E quell’albero di fico, misteriosamente piantato al centro della scena, diventa il filo rosso che guida il discorso, perché, proprio come la pianta di cui si parla inaspettatamente e che ci sollecita per la sua ombra o il profumo dei suoi frutti, rappresenta la vocazione di ciascuno di noi, sempre autentica, ma altrettanto incomprensibile solo poco prima.
È quanto accaduto a Filippo di Betsaida cui Gesù ha detto, senza mezzi termini: «Seguimi» (Gv 1,43). Una scelta che alcuni animatori vocazionali si augurerebbero immediata (invece di sprecar tempo in ritiri, discernimento ecc.), ma non può essere così, commenta Candiard: il modello non può essere riportato, perché nessuno può permettersi di giocare con l’entusiasmo, se pure lodevolissimo, di un giovane.
Quello che è più significativo è invece “l’effetto domino”, quel «Vieni e vedi» (Gv 1,46), perché la fede dei testimoni è di fondamentale importanza e da lì nasce la nostra vocazione alla felicità.
“L’unico fallimento è avere paura di vivere”
Come fare? Candiard, forte della missione caratteristica del suo Ordine, spiega che le persone occorre andarle a «cercare là dove sono e parlare di ciò che suscita il loro interesse, non delle nostre manie personali».
Ecco allora che la riflessione si snoda fluida, talvolta illuminata da alcuni ricordi personali, con l’intento di offrire al lettore solo dei semplici “discorsi intempestivi sulla vita cristiana”, come recita il sottotitolo.

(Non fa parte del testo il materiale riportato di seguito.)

lemma sum_mismatch_weight:
  "length u = m \<Longrightarrow> (\<Sum>v | length v = m. mismatch_weight c u v) = (1 + c) ^ m"
proof (induction u arbitrary: m)
  case Nil
  then show ?case by simp
next
  case (Cons a u)
  then obtain k where m: "m = Suc k" and k: "length u = k" by auto
  have "(\<Sum>v | length v = m. mismatch_weight c (a # u) v)
      = (\<Sum>(b, v) \<in> UNIV \<times> {v. length v = k}. mismatch_weight c (a # u) (b # v))"
    unfolding m bool_lists_Suc by (subst sum.reindex) (auto simp: inj_on_def case_prod_unfold)
  also have "\<dots> = (\<Sum>b\<in>UNIV. (if a = b then 1 else c) * (\<Sum>v | length v = k. mismatch_weight c u v))"
    by (simp add: sum.cartesian_product[symmetric] sum_distrib_left)
  also have "\<dots> = (1 + c) ^ m"
    unfolding m Cons.IH[OF k] by (cases a) (simp_all add: UNIV_bool algebra_simps)
  finally show ?case .
qed

lemma sum_mismatch_weight_ordered_pairs:
  fixes n :: nat and c :: real
  defines "P \<equiv> {(x, y). x \<in> addresses n \<and> y \<in> addresses n \<and> x < y}"
  shows "(\<Sum>(x, y)\<in>P. mismatch_weight c x y) = 2 ^ n * ((1 + c) ^ n - 1) / 2"
proof -
  let ?A = "addresses n"
  have fin: "finite P"
    by (rule finite_subset[of _ "?A \<times> ?A"]) (auto simp: P_def addresses_def finite_bool_lists)
  have "(\<Sum>(x, y)\<in>Sigma ?A (\<lambda>x. ?A - {x}). mismatch_weight c x y) = (\<Sum>x\<in>?A. (1 + c) ^ n - 1)"
    by (simp add: addresses_def sum.Sigma[symmetric] finite_bool_lists sum_diff1 sum_mismatch_weight
        mismatch_weight_self)
  also have "\<dots> = 2 ^ n * ((1 + c) ^ n - 1)"
    by (simp add: addresses_def card_bool_lists)
  also have "Sigma ?A (\<lambda>x. ?A - {x}) = P \<union> prod.swap ` P"
    by (auto simp: P_def neq_iff)
  also have "(\<Sum>(x, y)\<in>P \<union> prod.swap ` P. mismatch_weight c x y) = 2 * (\<Sum>(x, y)\<in>P. mismatch_weight c x y)"
    using fin
    by (subst sum.union_disjoint) (auto simp: P_def sum.reindex mismatch_weight_commute case_prod_unfold)
  finally show ?thesis by simp
qed

lemma prob_agree_bec_strand:
  assumes "0 \<le> p" "p \<le> 1" "length x = length x'" "length d = length d'"
  shows "measure_pmf.prob (pair_pmf (bec_strand p x d) (bec_strand p x' d')) {(r, s). agree_read r s}
       = mismatch_weight (mismatch_agree_prob p) x x' * mismatch_weight (mismatch_agree_prob p) d d'"
proof -
  have "pair_pmf (bec_strand p x d) (bec_strand p x' d')
      = map_pmf (\<lambda>((a, a'), (b, b')). ((a, b), (a', b')))
          (pair_pmf (pair_pmf (bec_word p x) (bec_word p x')) (pair_pmf (bec_word p d) (bec_word p d')))"
    using pair_pmf_map_pair_pmf[of id "bec_word p x" "bec_word p d" id "bec_word p x'" "bec_word p d'"]
    by (simp add: bec_strand_def)
  then have "measure_pmf.prob (pair_pmf (bec_strand p x d) (bec_strand p x' d')) {(r, s). agree_read r s}
      = measure_pmf.prob (pair_pmf (pair_pmf (bec_word p x) (bec_word p x')) (pair_pmf (bec_word p d) (bec_word p d')))
          ({(a, b). agree_word a b} \<times> {(a, b). agree_word a b})"
    unfolding measure_map_pmf
    by (auto simp: agree_read_def intro!: arg_cong[where f="measure_pmf.prob _"])
  then show ?thesis
    using assms by (simp add: measure_pmf_prob_product countableI_type prob_agree_bec_word)
qed

lemma prob_agree_random_strands:
  fixes L :: nat
  assumes "0 \<le> p" "p \<le> 1" "length x = length x'"
  defines "D \<equiv> pmf_of_set {d :: bool list. length d = L}"
  shows "measure_pmf.prob (pair_pmf (bind_pmf D (bec_strand p x)) (bind_pmf D (bec_strand p x')))
           {(r, s). agree_read r s}
       = mismatch_weight (mismatch_agree_prob p) x x' * ((1 + mismatch_agree_prob p) / 2) ^ L"
proof -
  let ?c = "mismatch_agree_prob p"
  let ?S = "{d :: bool list. length d = L}"
  have "?S \<noteq> {}" using length_replicate[of L True] by blast
  have strands: "measure_pmf.prob (pair_pmf (bec_strand p x d) (bec_strand p x' d')) {(r, s). agree_read r s}
      = mismatch_weight ?c x x' * mismatch_weight ?c d d'" if "d \<in> ?S" "d' \<in> ?S" for d d'
    using that assms by (simp add: prob_agree_bec_strand)
  have "measure_pmf.prob (pair_pmf (bind_pmf D (bec_strand p x)) (bind_pmf D (bec_strand p x')))
           {(r, s). agree_read r s}
      = (\<Sum>d\<in>?S. \<Sum>d'\<in>?S. measure_pmf.prob (pair_pmf (bec_strand p x d) (bec_strand p x' d'))
           {(r, s). agree_read r s}) / (2 ^ L * 2 ^ L)"
    unfolding pair_pmf_bind_pmf measure_pmf_prob_bind D_def
    using \<open>?S \<noteq> {}\<close> by (simp add: integral_pmf_of_set finite_bool_lists card_bool_lists)
  also have "\<dots> = (\<Sum>d\<in>?S. \<Sum>d'\<in>?S. mismatch_weight ?c x x' * mismatch_weight ?c d d') / (2 ^ L * 2 ^ L)"
    by (simp only: strands cong: sum.cong)
  also have "\<dots> = mismatch_weight ?c x x' * ((1 + ?c) / 2) ^ L"
    by (simp add: sum_distrib_left[symmetric] sum_mismatch_weight card_bool_lists power_divide)
  finally show ?thesis .
qed

lemma map_reads_pmf_two_reads:
  fixes n L N :: nat
  assumes "x \<in> addresses n" "x' \<in> addresses n" "x \<noteq> x'" "t < N" "t' < N"
  defines "D \<equiv> pmf_of_set {d :: bool list. length d = L}"
  shows "map_pmf (\<lambda>R. (R x t, R x' t')) (reads_pmf n L N p)
       = pair_pmf (bind_pmf D (bec_strand p x)) (bind_pmf D (bec_strand p x'))"
proof -
  have "finite (addresses n)"
    unfolding addresses_def by (rule finite_bool_lists)
  have "map_pmf (\<lambda>R. (R x t, R x' t')) (reads_pmf n L N p)
      = map_pmf (\<lambda>(f, g). (f t, g t')) (map_pmf (\<lambda>R. (R x, R x')) (reads_pmf n L N p))"
    by (simp add: map_pmf_comp)
  also have "\<dots> = map_pmf (\<lambda>(f, g). (f t, g t'))
      (pair_pmf (bind_pmf D (\<lambda>d. Pi_pmf {..<N} undefined (\<lambda>_. bec_strand p x d)))
                (bind_pmf D (\<lambda>d. Pi_pmf {..<N} undefined (\<lambda>_. bec_strand p x' d))))"
    unfolding reads_pmf_def D_def using assms \<open>finite (addresses n)\<close>
    by (subst map_pmf_Pi_pmf_pair) auto
  also have "\<dots> = pair_pmf (bind_pmf D (bec_strand p x)) (bind_pmf D (bec_strand p x'))"
    using assms by (simp add: map_pair map_bind_pmf Pi_pmf_component)
  finally show ?thesis .
qed

lemma prob_reads_agree:
  assumes "0 \<le> p" "p \<le> 1" "x \<in> addresses n" "x' \<in> addresses n" "x \<noteq> x'" "t < N" "t' < N"
  shows "measure_pmf.prob (reads_pmf n L N p) {R. agree_read (R x t) (R x' t')}
       = mismatch_weight (mismatch_agree_prob p) x x' * ((1 + mismatch_agree_prob p) / 2) ^ L"
proof -
  have "measure_pmf.prob (reads_pmf n L N p) {R. agree_read (R x t) (R x' t')}
      = measure_pmf.prob (map_pmf (\<lambda>R. (R x t, R x' t')) (reads_pmf n L N p)) {(r, s). agree_read r s}"
    by simp
  also have "\<dots> = mismatch_weight (mismatch_agree_prob p) x x' * ((1 + mismatch_agree_prob p) / 2) ^ L"
    unfolding map_reads_pmf_two_reads[OF assms(3-7)]
    using assms by (intro prob_agree_random_strands) (auto simp: addresses_def)
  finally show ?thesis .
qed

Diversi i temi affrontati, sempre con immediatezza, spesso con una buona dose di umorismo: la difficoltà della preghiera, la (apparente) contraddizione del perdono, il nodo della fraternità, l’amore umano manifestazione di quello di Dio e, ancora, la felicità della relazione, il peccato che, contro ogni aspettativa, ci avvicina alla misericordia di Dio…

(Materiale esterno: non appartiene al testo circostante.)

(* Consider a single-parameter setting with $n$ agents, single-dimensional signals, and a downward-closed feasibility family $\mathcal{I}\subseteq 2^{[n]}$, in which every valuation $v_i$ is $d$-SOS ($d\ge1$). Then the Random Sampling Vickrey (RS-V) mechanism is universally ex-post IC-IR, and for every true signal profile $\mathbf{s}$ (with truthful reports) its expected welfare is at least $\frac{1}{2(d+1)}\max_{S\in\mathcal{I}}\sum_{i\in S}v_i(\mathbf{s})$. In particular, for SOS valuations ($d=1$) it is a $4$-approximation to the optimal social welfare.
   Context: Model: agents $1,\dots,n$; agent $j$ has a private signal $s_j\in\mathbb{R}_{\ge0}$; the value of agent $j$ for being served is $v_j(\mathbf{s})\ge0$, a publicly known function of the full profile $\mathbf{s}=(s_1,\dots,s_n)$, weakly increasing in every coordinate and strictly increasing in $s_j$. $\mathcal{I}$ is downward closed (subsets of feasible sets are feasible). A deterministic mechanism maps reported signals to a served set in $\mathcal{I}$ (indicators $x_i\in\{0,1\}$) and payments $p_i$; agent $i$ with true signal $s_i$ reporting $s_i'$ while others report truthfully $\mathbf{s}_{-i}$ gets utility $x_i(s_i',\mathbf{s}_{-i})v_i(s_i,\mathbf{s}_{-i})-p_i(s_i',\mathbf{s}_{-i})$. Ex-post IC: for every true profile, truthful reporting maximizes this utility; ex-post IR: truthful utility is nonnegative. A randomized mechanism is a distribution over deterministic ones; it is universally ex-post IC-IR if every deterministic mechanism in its support is. A deterministic allocation rule is monotone if for all $i,\mathbf{s}_{-i}$ and $s_i\le s_i'$, $x_i(s_i,\mathbf{s}_{-i})=1$ implies $x_i(s_i',\mathbf{s}_{-i})=1$; by a known characterization, a deterministic allocation rule admits payments making it ex-post IC-IR iff it is monotone, and the mechanism uses such payments. RS-V: elicit reports $\tilde{\mathbf{s}}$; partition agents into $A,B$ uniformly at random (each agent independently in each part w.p. 1/2); for $i\in B$ let $w_i=v_i(\tilde{\mathbf{s}}_A,\tilde s_i,\mathbf{0}_{B\setminus\{i\}})$; serve a set in $\arg\max_{S\in\mathcal{I},S\subseteq B}\sum_{i\in S}w_i$ (ties broken by a fixed rule); agents in $A$ are never served. $d$-SOS: for every coordinate $j$, $s_j\ge 0$, $\delta\ge0$, and $\mathbf{s}'_{-j}\le\mathbf{s}_{-j}$ coordinate-wise, $d\big(v(\mathbf{s}'_{-j},s_j+\delta)-v(\mathbf{s}'_{-j},s_j)\big)\ge v(\mathbf{s}_{-j},s_j+\delta)-v(\mathbf{s}_{-j},s_j)$; SOS means $d=1$. *)

theory Defs
  imports Complex_Main
begin

definition nonneg_profile :: "('a \<Rightarrow> real) \<Rightarrow> bool" where
  "nonneg_profile s \<longleftrightarrow> (\<forall>k. 0 \<le> s k)"

definition valid_valuations :: "('a \<Rightarrow> ('a \<Rightarrow> real) \<Rightarrow> real) \<Rightarrow> bool" where
  "valid_valuations v \<longleftrightarrow>
     (\<forall>i s. nonneg_profile s \<longrightarrow> 0 \<le> v i s) \<and>
     (\<forall>i s t. nonneg_profile s \<longrightarrow> (\<forall>k. s k \<le> t k) \<longrightarrow> v i s \<le> v i t) \<and>
     (\<forall>i s a. nonneg_profile s \<longrightarrow> s i < a \<longrightarrow> v i s < v i (s(i := a)))"

definition downward_closed :: "'a set set \<Rightarrow> bool" where
  "downward_closed I \<longleftrightarrow> {} \<in> I \<and> (\<forall>S T. S \<in> I \<longrightarrow> T \<subseteq> S \<longrightarrow> T \<in> I)"

definition d_SOS :: "real \<Rightarrow> (('a \<Rightarrow> real) \<Rightarrow> real) \<Rightarrow> bool" where
  "d_SOS d f \<longleftrightarrow>
     (\<forall>j s s' \<delta>. nonneg_profile s \<longrightarrow> 0 \<le> \<delta> \<longrightarrow>
        (\<forall>k. k \<noteq> j \<longrightarrow> 0 \<le> s' k \<and> s' k \<le> s k) \<longrightarrow>
        d * (f (s'(j := s j + \<delta>)) - f (s'(j := s j)))
          \<ge> f (s(j := s j + \<delta>)) - f (s(j := s j)))"

definition tie_rule :: "('a set set \<Rightarrow> 'a set) \<Rightarrow> bool" where
  "tie_rule tb \<longleftrightarrow> (\<forall>X. X \<noteq> {} \<longrightarrow> tb X \<in> X)"
text \<open>
  Write \<open>G(x, y, r) = m_x(B(y, r))\<close>. Splitting off the first digit,
  \<open>S(x, i j) = \<phi>(x_i) + \<gamma> S(x_i, j)\<close> with \<open>x_i = (x + i) / b\<close>, so \<open>G(x, y, r)\<close> is the
  average over \<open>i\<close> of \<open>G(x_i, (y - \<phi>(x_i)) / \<gamma>, r / \<gamma>)\<close>. This self-similarity reduces the
  inequality to radii \<open>r \<in> [\<gamma>, 1)\<close>. There, if \<open>B(y, \<delta> r)\<close> carries any mass, \<open>N\<close> steps of
  self-similarity (the pieces of depth \<open>N\<close> of the support have diameter at most \<open>2 C \<gamma>^N\<close>,
  where \<open>|S| \<le> C\<close>) give \<open>G(x, y, r) \<ge> b^-N\<close>; so it suffices that all balls of radius \<open>\<delta>\<close>
  have mass at most \<open>\<epsilon> b^-N\<close>, uniformly in \<open>x\<close>.

  This uniform non-atomicity is where (H) enters. If \<open>M = lim_{\<rho>\<rightarrow>0} sup_{x,y} G(x, y, \<rho>)\<close>
  were positive, averaging shows that the children of a ball of nearly maximal mass again
  have nearly maximal mass. Iterating, the whole support of \<open>m_z\<close> lies in a tiny ball for
  all \<open>z\<close> on arbitrarily fine grids in \<open>[0, 1]\<close>; hence \<open>S(z, 111\<dots>) = S(z, 000\<dots>)\<close> there
  and, by Lipschitz continuity in \<open>z\<close>, on all of \<open>[0, 1]\<close>, contradicting (H).
\<close>

lemma (in sequence_space) emeasure_S_case_nat:
  assumes A: "A \<in> sets S"
  shows "emeasure S A = (\<integral>\<^sup>+ s. emeasure S {\<omega>. case_nat s \<omega> \<in> A} \<partial>M)"
proof -
  let ?cons = "\<lambda>(s, \<omega>). case_nat s \<omega>"
  have "emeasure S A = emeasure (M \<Otimes>\<^sub>M S) (?cons -` A \<inter> space (M \<Otimes>\<^sub>M S))"
    by (subst PiM_iter[symmetric], rule emeasure_distr) (use A in auto)
  also have "\<dots> = (\<integral>\<^sup>+ s. emeasure S (Pair s -` (?cons -` A \<inter> space (M \<Otimes>\<^sub>M S))) \<partial>M)"
    by (rule P.emeasure_pair_measure_alt, rule measurable_sets[OF _ A]) simp
  also have "\<dots> = (\<integral>\<^sup>+ s. emeasure S {\<omega>. case_nat s \<omega> \<in> A} \<partial>M)"
    using sets.sets_into_space[OF A]
    by (intro nn_integral_cong arg_cong2[where f = emeasure] refl)
       (auto simp: space_pair_measure space_PiM PiE_iff split: nat.splits)
  finally show ?thesis .
qed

Quasi alle ultime battute, arriva la tesi: «L’unico fallimento è avere paura di vivere, vivere per sé, risparmiando se stessi, facendo attenzione a non donarsi troppo», eppure «donarsi, donare il proprio talento, donare la propria personalità, il proprio sorriso, il proprio entusiasmo, anche la propria sensibilità, è fare fortuna nel Regno». E questo accade nella vita religiosa, così come nel matrimonio: molti vanno dicendo che occorre uno sforzo sovrumano per mantenere l’entusiasmo iniziale, ma non è affatto così, rivela Candiard. La realtà che ci aspetta è molto più bella di ciò che possiamo immaginare e l’avvenire è ciò che ci sorprenderà sempre, a patto che restiamo aperti all’inatteso, al nuovo, a tutto quanto magari ci destabilizza, ma che sarà comunque un dono che ci renderà felici.
Del resto, come diceva nel XIII secolo Giordano di Sassonia, Maestro dell’Ordine: «Ridete perché siete salvati! Ridete, perché il regno di Dio è vicinissimo a voi!».